Download PDF version of this article PDF

Putting It All Together

Embedded projects are built out of lots of pieces. Are you sure that what you've got at the end is what you wanted when you started?

Component integration is one of the tough challenges in embedded system design. Designers search for conservative design styles and reliable techniques for interfacing and verification.

Rolf Ernst, Technical University of Braunschweig

With the growing complexity of embedded systems, more and more parts of a system are reused or supplied, often from external sources. These parts range from single hardware components or software processes to hardware-software (HW-SW) subsystems. They must cooperate and share resources with newly developed parts such that all of the design constraints are met. This, simply speaking, is the integration task, which ideally should be a plug-and-play procedure. This does not happen in practice, however, not only because of incompatible interfaces and communication standards but also because of specialization.
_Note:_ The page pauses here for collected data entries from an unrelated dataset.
lemma maximal_inequality:
  assumes M: "finite_measure M" and T: "invariant_measure T M" and A[measurable]: "A \<in> sets M" and "0 < \<alpha>"
  shows "\<alpha> * measure M {x \<in> space M. \<exists>n\<ge>1. \<alpha> * real n < (\<Sum>i<n. indicator A ((T ^^ i) x))} \<le> measure M A"
proof -
  define B where "B K = {x \<in> space M. \<exists>n\<in>{1..K}. \<alpha> * real n < (\<Sum>i<n. indicator A ((T ^^ i) x))}" for K
  have T1[measurable]: "T \<in> measurable M M" using T by (simp add: invariant_measure_def)
  have [measurable]: "T ^^ n \<in> measurable M M" for n by (rule measurable_funpow[OF T1])
  have "B K \<in> sets M" for K unfolding B_def by measurable
  then have "range B \<subseteq> sets M" by auto
  moreover have "incseq B" by (rule monoI) (auto simp: B_def)
  ultimately have "(\<lambda>K. \<alpha> * measure M (B K)) \<longlonglongrightarrow> \<alpha> * measure M (\<Union>K. B K)"
    by (intro tendsto_mult_left finite_measure.finite_Lim_measure_incseq[OF M])
  moreover have "(\<Union>K. B K) = {x \<in> space M. \<exists>n\<ge>1. \<alpha> * real n < (\<Sum>i<n. indicator A ((T ^^ i) x))}"
    by (auto simp: B_def) (meson atLeastAtMost_iff order_refl)
  ultimately show ?thesis
    using maximal_inequality_bounded[OF M T A \<open>0 < \<alpha>\<close>] unfolding B_def by (intro LIMSEQ_le_const2) auto
qed

section \<open>Two-jumpy scales\<close>

lemma (in finite_measure) measure_exists_ge_tendsto_0:
  assumes sets: "\<And>k. {w \<in> space M. P k w} \<in> sets M"
    and AE: "AE w in M. \<forall>\<^sub>F k in sequentially. \<not> P k w"
  shows "(\<lambda>N. measure M {w \<in> space M. \<exists>k\<ge>N. P k w}) \<longlonglongrightarrow> 0"
proof -
  have [measurable]: "Measurable.pred M (P k)" for k using sets by (simp add: pred_def)
  define D where "D N = {w \<in> space M. \<exists>k\<ge>N. P k w}" for N
  have D_sets: "D N \<in> sets M" for N unfolding D_def by measurable
  have "decseq D" by (rule antimonoI) (auto simp: D_def intro: order_trans)
  then have lim: "(\<lambda>N. measure M (D N)) \<longlonglongrightarrow> measure M (\<Inter>N. D N)"
    using D_sets by (intro finite_Lim_measure_decseq) auto
  have "(\<Inter>N. D N) \<in> sets M" using D_sets by (intro sets.countable_INT) auto
  moreover have "AE w in M. w \<notin> (\<Inter>N. D N)"
    by (rule AE_mp[OF AE AE_I2]) (auto simp: D_def eventually_sequentially)
  ultimately have "(\<Inter>N. D N) \<in> null_sets M" by (simp add: AE_iff_null_sets)
  with lim show ?thesis by (simp add: D_def measure_eq_0_null_sets)
qed

lemma frequent_visits_of_doubling:
  fixes T :: "'a::metric_space \<Rightarrow> 'a"
  assumes "0 < \<gamma>" and doubling: "\<And>k n. N \<le> k \<Longrightarrow> 2 * k \<le> n \<Longrightarrow> \<gamma> * s k \<le> s n"
    and close: "\<exists>\<^sub>F n in sequentially. s n * dist ((T ^^ n) x) y < \<gamma> * r"
    and visit: "\<And>i k. N \<le> k \<Longrightarrow> s k * dist ((T ^^ k) ((T ^^ i) x)) y < r \<Longrightarrow> (T ^^ i) x \<in> A"
  shows "\<exists>n\<ge>1. 1/4 * real n < (\<Sum>i<n. indicator A ((T ^^ i) x))"
proof -
  obtain n where n: "4 * N + 4 \<le> n" "s n * dist ((T ^^ n) x) y < \<gamma> * r"
    using close by (auto simp: frequently_sequentially)
  define I where "I = {n - n div 2..<n - N}"
  have in_A: "(T ^^ i) x \<in> A" if "i \<in> I" for i
  proof -
    define k where "k = n - i"
    have k: "N \<le> k" "2 * k \<le> n" "k + i = n" using that n(1) by (auto simp: I_def k_def)
    have "\<gamma> * (s k * dist ((T ^^ n) x) y) \<le> s n * dist ((T ^^ n) x) y"
      using mult_right_mono[OF doubling[OF k(1,2)] zero_le_dist] by (simp add: mult.assoc)
    with n(2) have "\<gamma> * (s k * dist ((T ^^ n) x) y) < \<gamma> * r" by linarith
    then have "s k * dist ((T ^^ n) x) y < r" using \<open>0 < \<gamma>\<close> by (simp add: mult_less_cancel_left_pos)
    moreover have "(T ^^ k) ((T ^^ i) x) = (T ^^ n) x" using k(3) by (metis comp_apply funpow_add)
    ultimately show ?thesis using visit[OF k(1)] by simp
  qed
  have "real (card I) = (\<Sum>i\<in>I. indicator A ((T ^^ i) x))" using in_A by simp
  also have "\<dots> \<le> (\<Sum>i<n. indicator A ((T ^^ i) x))" by (intro sum_mono2) (auto simp: I_def)
  finally have "real (card I) \<le> (\<Sum>i<n. indicator A ((T ^^ i) x))" .
  moreover have "n < 4 * card I" using n(1) by (simp add: I_def)
  then have "1/4 * real n < real (card I)" by linarith
  moreover have "1 \<le> n" using n(1) by simp
  ultimately show ?thesis by (intro exI[of _ n]) auto
qed

lemma measure_orbit_close_after_tendsto_0:
  fixes T :: "'a::metric_space \<Rightarrow> 'a"
  assumes M: "borel_prob M" and Tb: "T \<in> borel_measurable borel"
    and far: "AE x in M. ereal r < phi s T x y"
  shows "(\<lambda>N. measure M {w \<in> space M. \<exists>k\<ge>N. s k * dist ((T ^^ k) w) y < r}) \<longlonglongrightarrow> 0"
proof -
  interpret prob_space M using M by (simp add: borel_prob_def)
  have [measurable]: "(\<lambda>w. dist ((T ^^ k) w) y) \<in> borel_measurable M" for k
    by (rule borel_prob_measurable[OF M borel_measurable_dist_funpow[OF Tb]])
  show ?thesis
  proof (rule measure_exists_ge_tendsto_0)
    show "{w \<in> space M. s k * dist ((T ^^ k) w) y < r} \<in> sets M" for k by measurable
    show "AE w in M. \<forall>\<^sub>F k in sequentially. \<not> s k * dist ((T ^^ k) w) y < r"
    proof (rule AE_mp[OF far AE_I2], intro impI)
      fix w assume "ereal r < phi s T w y"
      from less_LiminfD[OF this[unfolded phi_def]]
      show "\<forall>\<^sub>F k in sequentially. \<not> s k * dist ((T ^^ k) w) y < r"
        by (rule eventually_mono) simp
    qed
  qed
qed

lemma AE_frequent_close_visits:
  fixes T :: "'a::metric_space \<Rightarrow> 'a"
  assumes T: "invariant_measure T M" and "0 < \<gamma>"
    and doubling: "\<And>k n. N \<le> k \<Longrightarrow> 2 * k \<le> n \<Longrightarrow> \<gamma> * s k \<le> s n"
    and near: "AE x in M. phi s T x y < ereal (\<gamma> * r)"
  shows "AE x in M. \<exists>n\<ge>1. 1/4 * real n <
           (\<Sum>i<n. indicator {w \<in> space M. \<exists>k\<ge>N. s k * dist ((T ^^ k) w) y < r} ((T ^^ i) x))"
proof (rule AE_mp[OF near AE_I2], intro impI)
  fix x assume x: "x \<in> space M" and "phi s T x y < ereal (\<gamma> * r)"
  then have close: "\<exists>\<^sub>F n in sequentially. s n * dist ((T ^^ n) x) y < \<gamma> * r"
    by (intro frequently_less_of_liminf_less) (simp add: phi_def)
  have "(T ^^ i) x \<in> space M" for i
    using T measurable_space[OF measurable_funpow x] by (simp add: invariant_measure_def)
  then show "\<exists>n\<ge>1. 1/4 * real n <
      (\<Sum>i<n. indicator {w \<in> space M. \<exists>k\<ge>N. s k * dist ((T ^^ k) w) y < r} ((T ^^ i) x))"
    by (intro frequent_visits_of_doubling[OF \<open>0 < \<gamma>\<close> doubling close]) auto
qed

lemma phi_not_AE_eq_positive_real:
  fixes T :: "'a::metric_space \<Rightarrow> 'a"
  assumes M: "borel_prob M" and T: "invariant_measure T M" and Tb: "T \<in> borel_measurable borel"
    and sc: "scale_seq s" and "two_jumpy s" and "0 < c"
  shows "\<not> (AE x in M. phi s T x y = ereal c)"
proof
  assume c: "AE x in M. phi s T x y = ereal c"
  interpret prob_space M using M by (simp add: borel_prob_def)
  obtain \<gamma> N0 where "1 < \<gamma>" and doubling: "\<And>k n. N0 \<le> k \<Longrightarrow> 2 * k \<le> n \<Longrightarrow> \<gamma> * s k \<le> s n"
    using two_jumpy_doubling[OF sc \<open>two_jumpy s\<close>] by blast
  define r where "r = 2 * c / (1 + \<gamma>)"
  have "r < c" "c < \<gamma> * r" using \<open>0 < c\<close> \<open>1 < \<gamma>\<close> by (simp_all add: r_def field_simps)
  have Tn[measurable]: "T ^^ n \<in> measurable M M" for n
    using T by (simp add: invariant_measure_def measurable_funpow)
  have [measurable]: "(\<lambda>w. dist ((T ^^ k) w) y) \<in> borel_measurable M" for k
    by (rule borel_prob_measurable[OF M borel_measurable_dist_funpow[OF Tb]])
  define A where "A N = {w \<in> space M. \<exists>k\<ge>N. s k * dist ((T ^^ k) w) y < r}" for N
  have A_sets[measurable]: "A N \<in> sets M" for N unfolding A_def by measurable
  have "AE x in M. ereal r < phi s T x y" using c by (rule eventually_mono) (use \<open>r < c\<close> in simp)
  then have "(\<lambda>N. measure M (A N)) \<longlonglongrightarrow> 0"
    unfolding A_def by (rule measure_orbit_close_after_tendsto_0[OF M Tb])
  then have "\<forall>\<^sub>F N in sequentially. measure M (A N) < 1/4" by (rule order_tendstoD(2)) simp
  then obtain N1 where N1: "\<And>N. N1 \<le> N \<Longrightarrow> measure M (A N) < 1/4" by (auto simp: eventually_sequentially)
  define N where "N = max N0 N1"
  have "N0 \<le> N" "measure M (A N) < 1/4" using N1 by (simp_all add: N_def)
  have doubling_N: "\<gamma> * s k \<le> s n" if "N \<le> k" "2 * k \<le> n" for k n
    using doubling[of k n] that \<open>N0 \<le> N\<close> by simp
  define Bad where "Bad = {x \<in> space M. \<exists>n\<ge>1. 1/4 * real n < (\<Sum>i<n. indicator (A N) ((T ^^ i) x))}"
  have "Bad \<in> sets M" unfolding Bad_def by measurable
  have "AE x in M. phi s T x y < ereal (\<gamma> * r)"
    using c by (rule eventually_mono) (use \<open>c < \<gamma> * r\<close> in simp)
  with \<open>1 < \<gamma>\<close> have "AE x in M. x \<in> Bad"
    using AE_frequent_close_visits[OF T _ doubling_N] AE_space unfolding Bad_def A_def by auto
  then have "measure M Bad = 1" using \<open>Bad \<in> sets M\<close> by (simp add: AE_in_set_eq_1)
  moreover have "1/4 * measure M Bad \<le> measure M (A N)"
    unfolding Bad_def by (rule maximal_inequality[OF finite_measure_axioms T A_sets]) simp
  ultimately show False using \<open>measure M (A N) < 1/4\<close> by simp
qed

lemma phi_AE_eq_const_two_jumpy:
  fixes T :: "'a::metric_space \<Rightarrow> 'a"
  assumes M: "borel_prob M" and T: "invariant_measure T M" and Tb: "T \<in> borel_measurable borel"
    and sc: "scale_seq s" and tj: "two_jumpy s" and c: "AE x in M. phi s T x y = c"
  shows "c \<in> {0, \<infinity>}"
proof -
  have "AE x in M. 0 \<le> c" using c by (rule eventually_mono) (use phi_nonneg[OF sc] in metis)
  then have "0 \<le> c" using M by (simp add: borel_prob_def prob_space.AE_const)
  show ?thesis
  proof (cases c)
    case (real r)
    with \<open>0 \<le> c\<close> c phi_not_AE_eq_positive_real[OF M T Tb sc tj, of r y] have "r = 0" by force
    then show ?thesis using real by (simp add: zero_ereal_def)
  qed (use \<open>0 \<le> c\<close> in auto)
qed
lemma eventually_in_convex_cone_hull_active_normals:
  fixes C :: "'a::euclidean_space set"
  assumes fin: "finite I" and C: "C = {x. \<forall>i\<in>I. a i \<bullet> x \<le> b i}" and "u \<in> C"
    and x: "\<And>k. x k \<in> C" "x \<longlonglongrightarrow> u"
    and g: "\<And>k. g k \<in> convex_cone hull (a ` active_constraints I a b (x k))"
  shows "\<forall>\<^sub>F k in sequentially. g k \<in> convex_cone hull (a ` active_constraints I a b u)"
proof -
  obtain \<rho> where "\<rho> > 0"
    and act: "\<And>x. x \<in> C \<Longrightarrow> dist x u < \<rho> \<Longrightarrow> active_constraints I a b x \<subseteq> active_constraints I a b u"
    and "\<And>x v. x \<in> C \<Longrightarrow> dist x u < \<rho> \<Longrightarrow>
      v \<in> polar_cone (a ` active_constraints I a b u) \<Longrightarrow> norm v < \<rho> \<Longrightarrow> x + v \<in> C"
    using inequality_system_local_structure[OF fin C \<open>u \<in> C\<close>] by metis
  have "\<forall>\<^sub>F k in sequentially. dist (x k) u < \<rho>"
    using x(2) \<open>\<rho> > 0\<close> by (rule tendstoD)
  then show ?thesis
  proof (rule eventually_mono)
    fix k assume "dist (x k) u < \<rho>"
    then have "active_constraints I a b (x k) \<subseteq> active_constraints I a b u"
      using act x(1) by blast
    then show "g k \<in> convex_cone hull (a ` active_constraints I a b u)"
      using g[of k] by (meson hull_mono image_mono subsetD)
  qed
qed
Take, for example, a signal processing program that has been adapted to a specific digital signal processor (DSP) architecture by carefully rewriting the source code using special functions or subword parallelism, optimizing loops, data transport, and memory access. Reusing such a DSP program means either rewriting that code or reusing the whole DSP architecture or part of it, turning the original SW integration problem into a HW-SW integration problem. A crypto algorithm that runs on an application-specific instruction set processor (ASIP) is another example. DSP and ASIP architectures are great for reaching the performance and power consumption goals, but they make portability and, thus, reuse more difficult.

Unfortunately, compilers that could automatically adapt the code are not yet available—and designers are happy if they can avoid assembly coding. You may continue the list with HW accelerators, specialized memory architectures, buses, etc. Architectural variety and adaptation seem inevitable to reach demanding design goals for competitive systems. This is what's driving the revival of ASIPs. Thus, we will have to live with heterogeneous embedded system architectures and their corresponding integration problems. This holds for system-on-a-chip (SoC), as well as for larger distributed embedded systems.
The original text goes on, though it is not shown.